|Ph.D Student||Goldenberg Roman|
|Subject||Motion Based Recognition|
|Department||Department of Computer Science||Supervisors||Professor Ehud Rivlin|
|Professor Ron Kimmel|
In this work we explore how the motion based visual information can be used to solve a number of well known computer vision problems such as segmentation, tracking, object recognition and classification and event detection. We consider three special cases for which the methods used are quite different: the rigid, non-rigid and articulated objects. For rigid objects we address the problem taken from the traffic domain and show how the relative velocity of nearby vehicles can be estimated from a video sequence taken by a camera installed on a moving car. For non-rigid objects we present a novel geometric variational framework for image segmentation using the active contour approach. The method is successfully used for moving non-rigid targets segmentation and tracking in color movies, as well as for a number of other applications such as cortical layer segmentation in 3-D MRI brain images, segmentation of defects in VLSI circuits on electronic microscope images, analysis of bullet traces in metals, and others.

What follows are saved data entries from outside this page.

(* Let $g$ be a symplectic potential on $P$ with $y=\partial g/\partial x$, $w_j=e^{y_j+i\theta_j}$, and $X_g=-\sum_jy_j\partial_{\theta_j}$ its Hamiltonian vector field on $\check X_P$. Then for every $m\in\mathbb Z^n$ the series $e^{iX_g}e^{im\cdot\theta}=\sum_{k\ge0}\frac{i^k}{k!}X_g^k\,e^{im\cdot\theta}$ converges and equals $w^m=w_1^{m_1}\cdots w_n^{m_n}$, and the time-$i$ flow $e^{iX_g}$ induces an algebra isomorphism from the algebra $\mathcal A$ generated by the characters $e^{im\cdot\theta}$, $m\in\mathbb Z^n$, of $\mathbb T^n$ onto the algebra generated by the $I_g$-monomial (meromorphic) functions $w^m$, $m\in\mathbb Z^n$, on $(X_P,I_g)$, sending $e^{im\cdot\theta}\mapsto w^m$.
   Context: Let $P=\{x:\ell_j(x)=\langle\nu_j,x\rangle+\lambda_j\ge0\}$ be a Delzant polytope with interior $\check P$, $(X_P,\omega)$ the associated compact symplectic toric manifold with moment map $\mu$ and action-angle coordinates $(x,\theta)$ on $\check X_P=\mu^{-1}(\check P)\cong\check P\times\mathbb T^n$, $\omega=\sum dx^j\wedge d\theta_j$. A symplectic potential is $g=\frac12\sum\ell_j\log\ell_j+\varphi$, $\varphi\in C^\infty(P)$, with positive definite Hessian on $\check P$ and $\det H_g=(\alpha\prod\ell_j)^{-1}$ for a smooth positive $\alpha$ on $P$; it determines a toric complex structure $I_g$ on $X_P$ for which $(\check X_P,I_g)\cong(\mathbb C^* )^n$ via $(x,\theta)\mapsto w=e^{y+i\theta}$, $y=\partial g/\partial x$. *)

theory Defs
  imports "HOL-Analysis.Analysis"
begin

definition aff :: "(nat \<Rightarrow> real^'n) \<Rightarrow> (nat \<Rightarrow> real) \<Rightarrow> nat \<Rightarrow> real^'n \<Rightarrow> real" where
  "aff nu lam j x = nu j \<bullet> x + lam j"

definition polyP :: "(nat \<Rightarrow> real^'n) \<Rightarrow> (nat \<Rightarrow> real) \<Rightarrow> nat \<Rightarrow> (real^'n) set" where
  "polyP nu lam d = {x. \<forall>j<d. aff nu lam j x \<ge> 0}"

text \<open>Delzant polytope: bounded with nonempty interior, integral normals, every
  inequality defines a facet (irredundant presentation), and at every vertex
  (point whose active normals span R^n) exactly n facets meet and their normals
  form a Z-basis of Z^n.\<close>

definition delzant :: "(nat \<Rightarrow> real^'n) \<Rightarrow> (nat \<Rightarrow> real) \<Rightarrow> nat \<Rightarrow> bool" where
  "delzant nu lam d \<longleftrightarrow>
     bounded (polyP nu lam d) \<and> interior (polyP nu lam d) \<noteq> {} \<and>
     (\<forall>j<d. \<forall>k. nu j $ k \<in> \<int>) \<and>
     (\<forall>j<d. \<exists>x\<in>polyP nu lam d. aff nu lam j x = 0 \<and>
              (\<forall>k<d. k \<noteq> j \<longrightarrow> aff nu lam k x > 0)) \<and>
     (\<forall>v\<in>polyP nu lam d.
        let F = {j. j < d \<and> aff nu lam j v = 0} in
        span (nu ` F) = UNIV \<longrightarrow>
          card F = CARD('n) \<and>
          (\<forall>z::real^'n. (\<forall>k. z $ k \<in> \<int>) \<longrightarrow>
              (\<exists>c::nat \<Rightarrow> int. z = (\<Sum>j\<in>F. of_int (c j) *\<^sub>R nu j))))"

definition pd :: "'n::finite \<Rightarrow> (real^'n \<Rightarrow> real) \<Rightarrow> real^'n \<Rightarrow> real" where
  "pd i f x = deriv (\<lambda>t. f (x + t *\<^sub>R axis i 1)) 0"

definition smooth_on :: "(real^'n::finite) set \<Rightarrow> (real^'n \<Rightarrow> real) \<Rightarrow> bool" where
  "smooth_on U f \<longleftrightarrow>
     (\<forall>is::'n list. continuous_on U (foldr pd is f) \<and>
        (\<forall>i. \<forall>x\<in>U. (\<lambda>t. foldr pd is f (x + t *\<^sub>R axis i 1)) differentiable (at 0)))"

definition hess :: "(real^'n::finite \<Rightarrow> real) \<Rightarrow> real^'n \<Rightarrow> real^'n^'n" where
  "hess g x = (\<chi> i j. pd i (pd j g) x)"

definition symplectic_potential ::
  "(nat \<Rightarrow> real^'n::finite) \<Rightarrow> (nat \<Rightarrow> real) \<Rightarrow> nat \<Rightarrow> (real^'n \<Rightarrow> real) \<Rightarrow> bool" where
  "symplectic_potential nu lam d g \<longleftrightarrow>
     (\<exists>\<phi> \<alpha> U V. open U \<and> polyP nu lam d \<subseteq> U \<and> smooth_on U \<phi> \<and>
        open V \<and> polyP nu lam d \<subseteq> V \<and> smooth_on V \<alpha> \<and>
        (\<forall>x\<in>polyP nu lam d. \<alpha> x > 0) \<and>
        (\<forall>x\<in>interior (polyP nu lam d).
           g x = (1/2) * (\<Sum>j<d. aff nu lam j x * ln (aff nu lam j x)) + \<phi> x) \<and>
        (\<forall>x\<in>interior (polyP nu lam d).
           (\<forall>v. v \<noteq> 0 \<longrightarrow> v \<bullet> (hess g x *v v) > 0) \<and>
           det (hess g x) = 1 / (\<alpha> x * (\<Prod>j<d. aff nu lam j x))))"

text \<open>A point of the open dense subset is a pair (x, theta) with x in the interior
  of P and theta in R^n (angles; functions are 2pi-periodic in theta).\<close>

definition chr :: "int^'n::finite \<Rightarrow> (real^'n) \<times> (real^'n) \<Rightarrow> complex" where
  "chr m = (\<lambda>(x, \<theta>). exp (\<i> * of_real (\<Sum>j\<in>UNIV. of_int (m $ j) * \<theta> $ j)))"

definition wcoord :: "(real^'n::finite \<Rightarrow> real^'n) \<Rightarrow> 'n \<Rightarrow> (real^'n) \<times> (real^'n) \<Rightarrow> complex" where
  "wcoord y j = (\<lambda>(x, \<theta>). exp (of_real (y x $ j) + \<i> * of_real (\<theta> $ j)))"

definition monom :: "(real^'n::finite \<Rightarrow> real^'n) \<Rightarrow> int^'n \<Rightarrow> (real^'n) \<times> (real^'n) \<Rightarrow> complex" where
  "monom y m = (\<lambda>p. \<Prod>j\<in>UNIV. (wcoord y j p) powi (m $ j))"

definition dtheta :: "'n::finite \<Rightarrow> ((real^'n) \<times> (real^'n) \<Rightarrow> complex) \<Rightarrow> (real^'n) \<times> (real^'n) \<Rightarrow> complex" where
  "dtheta j f = (\<lambda>(x, \<theta>). vector_derivative (\<lambda>t. f (x, \<theta> + t *\<^sub>R axis j 1)) (at 0))"

definition Xham :: "(real^'n::finite \<Rightarrow> real^'n) \<Rightarrow> ((real^'n) \<times> (real^'n) \<Rightarrow> complex) \<Rightarrow> (real^'n) \<times> (real^'n) \<Rightarrow> complex" where
  "Xham y f = (\<lambda>(x, \<theta>). - (\<Sum>j\<in>UNIV. of_real (y x $ j) * dtheta j f (x, \<theta>)))"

Relying on the high accuracy results of segmentation and tracking obtained by the fast geodesic contour approach, we present a framework for moving object classification based on the eigen-decomposition of the normalized binary silhouette sequence. We demonstrate the ability of the system to distinguish between various object classes by their static appearance and dynamic behavior. Finally we show how the observed articulated object motion can be used as a cue for the segmentation and detection of independently moving parts. The method is based on the analysis of normal flow vectors computed in color space and also relies on a number of geometric heuristics for edge segments grouping.